# 1987 Caterpillar front end loader, Model IT18



## MatthewG (Jun 16, 2009)

Looking at bidding on this unit, currently owned by Boston public works, out of service for two years, needs attention and a tune up to be in service again.

6656 hours

I know absolutely nothing about big iron like this


----------



## rob_cook2001 (Nov 15, 2008)

By out of service do you mean it does not run?? If you Do not know much about heavy equipment I wouldn't reccomend buying something that has sat for 2 years. If it runs and you can have a compitent mechanic check it out that is a different story. Check the pins really good, If i remember right the IT has something like 18pins just on the loader boom.
Robert


----------



## DGODGR (Nov 30, 2008)

I'm not quite clear on what you are asking. IMO if that machine has been well maintained it should be a good machine to 10,000 hours or more.


----------



## cfresque (Jan 9, 2011)

I would shy away from it (2 yrs out of service) and it looks like the front diff. is leaking. You might try catused.com is where we bought our last hoe.


----------



## MatthewG (Jun 16, 2009)

By out of service i meant the city has retired the machine 2 years ago, current price on the machine is $2300


----------



## NEUSWEDE (Mar 14, 2003)

I looked at it on municibids and I would caution you that if you really interested go up and look at it in person. It doesn't say anything as to if it is running or not. If it isn't running it is going to cost you right off the bat. Second figure out what it is going to cost for low boy service from Boston to PA.

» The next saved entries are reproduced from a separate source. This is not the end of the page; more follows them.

(* Suppose that $2\le n_0<\infty$ and that $S$ is submultiplicative on $[1,n_0]$. Then for every $\varepsilon>0$ and every $N_0>n_0$ there exists an extension of $S$ to $[1,N_0]$ which is submultiplicative on $[1,N_0]$ and satisfies $S(N_0)<S(n_0)+\varepsilon$.
   Context: Let $2\le n_0\le\infty$ and let $S$ be a real-valued function on $[1,n_0]$ (on $[1,\infty)$ if $n_0=\infty$). $S$ is called submultiplicative on $[1,n_0]$ if: (a) $S$ is piecewise-linear, continuous, strictly increasing and concave; (b) $S(x)=x$ for $1\le x\le 2$; (c) $S(xy)\le S(x)S(y)$ for all $x,y$ with $1\le x,y,xy\le n_0$. *)

theory Defs
  imports "HOL-Analysis.Analysis"
begin

definition piecewise_linear_on :: "real \<Rightarrow> real \<Rightarrow> (real \<Rightarrow> real) \<Rightarrow> bool" where
  "piecewise_linear_on a b f \<longleftrightarrow>
     (\<exists>P. finite P \<and> a \<in> P \<and> b \<in> P \<and> P \<subseteq> {a..b} \<and>
        (\<forall>x\<in>P. \<forall>y\<in>P. x < y \<and> {x<..<y} \<inter> P = {} \<longrightarrow>
            (\<exists>m c. \<forall>t\<in>{x..y}. f t = m * t + c)))"

definition submultiplicative_on :: "real \<Rightarrow> (real \<Rightarrow> real) \<Rightarrow> bool" where
  "submultiplicative_on n0 S \<longleftrightarrow>
     piecewise_linear_on 1 n0 S \<and>
     continuous_on {1..n0} S \<and>
     strict_mono_on {1..n0} S \<and>
     concave_on {1..n0} S \<and>
     (\<forall>x\<in>{1..2}. S x = x) \<and>
     (\<forall>x y. 1 \<le> x \<longrightarrow> 1 \<le> y \<longrightarrow> x * y \<le> n0 \<longrightarrow> S (x * y) \<le> S x * S y)"

end

theory Submission
  imports Defs
begin

(* Extend S beyond n0 by the line of slope d through (n0, S n0). As S is concave and piecewise
   linear, all its difference quotients are at least the slope m > 0 of its last linear piece.
   If d N0 <= m the extension stays concave, and submultiplicativity for products beyond n0
   reduces to this slope bound: if one factor b exceeds n0, then T (a b) - T b = d b (a - 1) is
   at most T a - 1; if both factors are at most n0, compare with S n0 <= S (n0 / y) S y.
   Choosing d (N0 - n0) < eps bounds T N0. *)

lemma concave_on_three_pointsD:
  fixes f :: "real \<Rightarrow> real"
  assumes "concave_on I f" "x \<in> I" "y \<in> I" "x \<le> z" "z \<le> y"
  shows "f x * (y - z) + f y * (z - x) \<le> f z * (y - x)"
proof (cases "x = y")
  case False
  define t where "t = (z - x) / (y - x)"
  have t: "0 \<le> t" "t \<le> 1" and zx: "z - x = t * (y - x)"
    using assms False by (auto simp: t_def field_simps)
  have "(1 - t) *\<^sub>R x + t *\<^sub>R y = z"
    using zx by (simp add: algebra_simps)
  then have "(1 - t) * f x + t * f y \<le> f z"
    using concave_onD[OF assms(1) t assms(2,3)] by simp
  then have le: "((1 - t) * f x + t * f y) * (y - x) \<le> f z * (y - x)"
    using assms by (intro mult_right_mono) auto
  have yz: "y - z = (1 - t) * (y - x)"
    using zx by (simp add: algebra_simps)
  have "f x * (y - z) + f y * (z - x) = ((1 - t) * f x + t * f y) * (y - x)"
    unfolding yz zx by (simp add: algebra_simps)
  with le show ?thesis
    by simp
qed (use assms in auto)

lemma concave_on_Icc_three_pointsI:
  fixes f :: "real \<Rightarrow> real"
  assumes "\<And>x z y. a \<le> x \<Longrightarrow> x < z \<Longrightarrow> z < y \<Longrightarrow> y \<le> b \<Longrightarrow>
             f x * (y - z) + f y * (z - x) \<le> f z * (y - x)"
  shows "concave_on {a..b} f"
proof (rule concave_on_linorderI)
  fix t x y :: real
  assume t: "0 < t" "t < 1" and xy: "x \<in> {a..b}" "y \<in> {a..b}" "x < y"
  define z where "z = (1 - t) * x + t * y"
  have zx: "z - x = t * (y - x)" and yz: "y - z = (1 - t) * (y - x)"
    by (simp_all add: z_def algebra_simps)
  have "x < z" "z < y"
    using zx yz t xy by (smt (verit) mult_pos_pos)+
  then have "f x * (y - z) + f y * (z - x) \<le> f z * (y - x)"
    using assms xy by simp
  then have "((1 - t) * f x + t * f y) * (y - x) \<le> f z * (y - x)"
    unfolding zx yz by (simp add: algebra_simps)
  then have "(1 - t) * f x + t * f y \<le> f z"
    using xy by (simp add: mult_le_cancel_right)
  then show "(1 - t) * f x + t * f y \<le> f ((1 - t) *\<^sub>R x + t *\<^sub>R y)"
    by (simp add: z_def)
qed (rule convex_real_interval)

lemma piecewise_linear_on_last_piece:
  assumes "piecewise_linear_on a b f" "a < b"
  obtains p m c where "a \<le> p" "p < b" "\<forall>t\<in>{p..b}. f t = m * t + c"
proof -
  obtain P where P: "finite P" "a \<in> P" "b \<in> P" "P \<subseteq> {a..b}"
    and affine: "\<forall>x\<in>P. \<forall>y\<in>P. x < y \<and> {x<..<y} \<inter> P = {} \<longrightarrow> (\<exists>m c. \<forall>t\<in>{x..y}. f t = m * t + c)"
    using assms(1) unfolding piecewise_linear_on_def by blast
  define p where "p = Max {q \<in> P. q < b}"
  have "p \<in> {q \<in> P. q < b}"
    unfolding p_def using P assms(2) by (intro Max_in) auto
  then have "p \<in> P" "a \<le> p" "p < b"
    using P(4) by auto
  moreover have "{p<..<b} \<inter> P = {}"
    using Max_ge[of "{q \<in> P. q < b}"] P(1) by (fastforce simp: p_def)
  ultimately show ?thesis
    using affine P(3) that by blast
qed

lemma concave_on_le_last_piece:
  fixes f :: "real \<Rightarrow> real"
  assumes "concave_on {a..b} f" "a \<le> p" "p < b" "\<forall>t\<in>{p..b}. f t = m * t + c"
    and "a \<le> x" "x \<le> b"
  shows "f x \<le> m * x + c"
proof (cases "p \<le> x")
  case False
  have "f x * (b - p) + f b * (p - x) \<le> f p * (b - x)"
    using concave_on_three_pointsD[OF assms(1), of x b p] assms False by auto
  moreover have "f p = m * p + c" "f b = m * b + c"
    using assms by auto
  ultimately have "f x * (b - p) \<le> (m * x + c) * (b - p)"
    by (simp add: algebra_simps)
  then show ?thesis
    using assms(3) by (simp add: mult_le_cancel_right)
qed (use assms in auto)

lemma concave_on_slope_ge_last_piece:
  fixes f :: "real \<Rightarrow> real"
  assumes "concave_on {a..b} f" "a \<le> p" "p < b" "\<forall>t\<in>{p..b}. f t = m * t + c"
    and "a \<le> x" "x \<le> y" "y \<le> b"
  shows "m * (y - x) \<le> f y - f x"
proof (cases "x = b")
  case False
  have "f x * (b - y) + f b * (y - x) \<le> f y * (b - x)"
    using concave_on_three_pointsD[OF assms(1), of x b y] assms by auto
  moreover have "m * (b - x) \<le> f b - f x"
    using concave_on_le_last_piece[OF assms(1-4), of x] assms by (simp add: algebra_simps)
  then have "m * (b - x) * (y - x) \<le> (f b - f x) * (y - x)"
    using assms by (intro mult_right_mono) auto
  moreover have "(f y - f x) * (b - x) - (f b - f x) * (y - x) = f y * (b - x) - (f x * (b - y) + f b * (y - x))"
    by (simp add: algebra_simps)
  ultimately have "m * (b - x) * (y - x) \<le> (f y - f x) * (b - x)"
    by linarith
  then show ?thesis
    using assms False by (simp add: mult.commute[of "y - x"] mult_le_cancel_right)
qed (use assms in simp)

lemma submultiplicative_on_slope_bound:
  assumes "submultiplicative_on n0 S" "1 < n0"
  obtains m where "0 < m" "\<And>x y. 1 \<le> x \<Longrightarrow> x \<le> y \<Longrightarrow> y \<le> n0 \<Longrightarrow> m * (y - x) \<le> S y - S x"
proof -
  have pl: "piecewise_linear_on 1 n0 S" and mono: "strict_mono_on {1..n0} S"
    and concave: "concave_on {1..n0} S"
    using assms(1) unfolding submultiplicative_on_def by auto
  obtain p m c where p: "1 \<le> p" "p < n0" and last: "\<forall>t\<in>{p..n0}. S t = m * t + c"
    using pl assms(2) by (rule piecewise_linear_on_last_piece)
  have "S p < S n0"
    using p by (intro strict_mono_onD[OF mono]) auto
  moreover have "S n0 - S p = m * (n0 - p)"
    using last p by (simp add: algebra_simps)
  ultimately have "0 < m * (n0 - p)"
    by linarith
  then have "0 < m"
    using p by (simp add: zero_less_mult_iff)
  then show thesis
    by (rule that[OF _ concave_on_slope_ge_last_piece[OF concave p last]])
qed

lemma submultiplicative_on_ge_one:
  assumes "submultiplicative_on n0 S" "1 \<le> x" "x \<le> n0"
  shows "1 \<le> S x"
proof -
  have "S 1 = 1" "strict_mono_on {1..n0} S"
    using assms(1) unfolding submultiplicative_on_def by auto
  then show ?thesis
    using assms strict_mono_onD[of "{1..n0}" S 1 x] by (cases "x = 1") auto
qed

Also think about this, Cat parts are expensive, older hard to come by Cat parts are even more expensive and hard to find. 

Either way good luck


----------



## GeoffD (Dec 21, 1999)

NEUSWEDE;1219481 said:


> I looked at it on municibids and I would caution you that if you really interested go up and look at it in person. It doesn't say anything as to if it is running or not. If it isn't running it is going to cost you right off the bat. Second figure out what it is going to cost for low boy service from Boston to PA.
> 
> Also think about this, Cat parts are expensive, older hard to come by Cat parts are even more expensive and hard to find.
> 
> Either way good luck


1. Out of service could mean a bunch of things, so you need to look at it. It could need breaks, it could have no back up alarm. Towns take stuff out of service that won;t pass inspection all the time.

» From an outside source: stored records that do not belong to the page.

(* For every finite ordered graph $(G,<)$, the order $\prec_B$ is a breadth-first traversal of $G$.
   Context: A finite ordered graph $(G,<)$ is a finite undirected graph with a linear order on its vertices. The canonical breadth-first order $\prec_B$: for vertices $v,w$ let $v_0,w_0$ be the $<$-least vertices of the connected components of $v$ and $w$. Let $<^\star$ be the order on finite sequences of vertices comparing first by length and then lexicographically with respect to $<$. Let $\vec v$ be the $<^\star$-least path from $v_0$ to $v$ (similarly $\vec w$). Then: if $v_0\neq w_0$, $v\prec_B w$ iff $v_0<w_0$; if $v_0=w_0$, $v\prec_B w$ iff $\vec v<^\star\vec w$. A linear order $\prec$ of the vertex set, listing vertices $v_1\prec\dots\prec v_n$, is a breadth-first traversal if for each $i\ge2$, whenever some $v_j$ with $j<i$ has a neighbour outside $\{v_1,\dots,v_{i-1}\}$, $v_i$ is adjacent to $v_{j^*}$ for the least such $j^*$ (i.e. a visiting order of breadth-first search). Equivalently: for all $u\prec v\prec w$ with $u,w$ adjacent, $v$ has a neighbour $x$ with $x\prec v$ and $x\preceq u$. *)

theory Defs
  imports Main
begin

text \<open>A finite (simple, undirected) graph on vertex set V with adjacency E.
  The linear order on vertices is the order of the type 'a :: linorder.\<close>
definition finite_graph :: "'a set \<Rightarrow> ('a \<Rightarrow> 'a \<Rightarrow> bool) \<Rightarrow> bool" where
  "finite_graph V E \<longleftrightarrow> finite V \<and> (\<forall>x y. E x y \<longrightarrow> x \<in> V \<and> y \<in> V)
     \<and> (\<forall>x y. E x y \<longrightarrow> E y x) \<and> (\<forall>x. \<not> E x x)"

2. Cat Parts expensive? How do you figure, try Komatsu or Volvo. For older machines Cat is probably the easiest machine to get parts for.


----------



## DGODGR (Nov 30, 2008)

I don't think that he will have trouble finding parts for that Cat loader. Parts availability is top notch with Cat. That's part of the reasom they hold their value.


----------



## DGODGR (Nov 30, 2008)

cfresque;1219377 said:


> I would shy away from it (2 yrs out of service) and it looks like the front diff. is leaking. You might try catused.com is where we bought our last hoe.


After looking at the pictures I don't think the front diff. is leaking. If anything it's the left front hub cover. It looks as though that would be a pretty simple repair (gasket or o-ring behind that cover) if it was leaking. To me it looks like rust dripping down the tire (to orange to be gear oil). 
For the most part, municipalities are a good source for used equipment. They usually have a relatively easy life (compared to contractor owned) and have excellent maintenance programs in place. I big muni. like Boston will have dozens of full time mechanics and will maintaine equipment to prevent liability exposure at the least.


----------



## MatthewG (Jun 16, 2009)

They are selling two units exactly the same if I can get one under 10K I feel its a good buy even if it needs a little work.

It costs $866 to ship from Boston to me in PA, place the shipping ad on Uship and got several quotes from 866-1350


----------



## DGODGR (Nov 30, 2008)

MatthewG;1220635 said:


> They are selling two units exactly the same if I can get one under 10K I feel its a good buy even if it needs a little work.
> 
> It costs $866 to ship from Boston to me in PA, place the shipping ad on Uship and got several quotes from 866-1350


It sounds as though you are serious about this machine. I would go check it out before I bid on it. It's not that I am suspicious about that particular machine. I would be suspicious, or at least cautious, about any used machine.


----------



## Raymond S. (Jan 8, 2008)

Looks like maybe there is some rust from the wheel running down the tire, not necessarily a fluid leak. Perhaps it was sitting in that exact spot for 2 years?...


----------



## Meatplow (Oct 2, 2009)

*I know the BPW*

Hi, I live very close to Boston and I know a mechanic in the union that services everything in the BPW fleet. With that said:

STAY AWAY

These machines are beat upon more than anyone would think. The people running the machines get paid breaks while these machines are out of use and in the repair shop. whether it's for hours or days. They actively try to break the fleet vechiles. That being said, I would look else where.

Thats my 2 copper.

Meatplow


----------



## MatthewG (Jun 16, 2009)

Thanks for the info,

I also see the prices jumped up pretty quickly on these


----------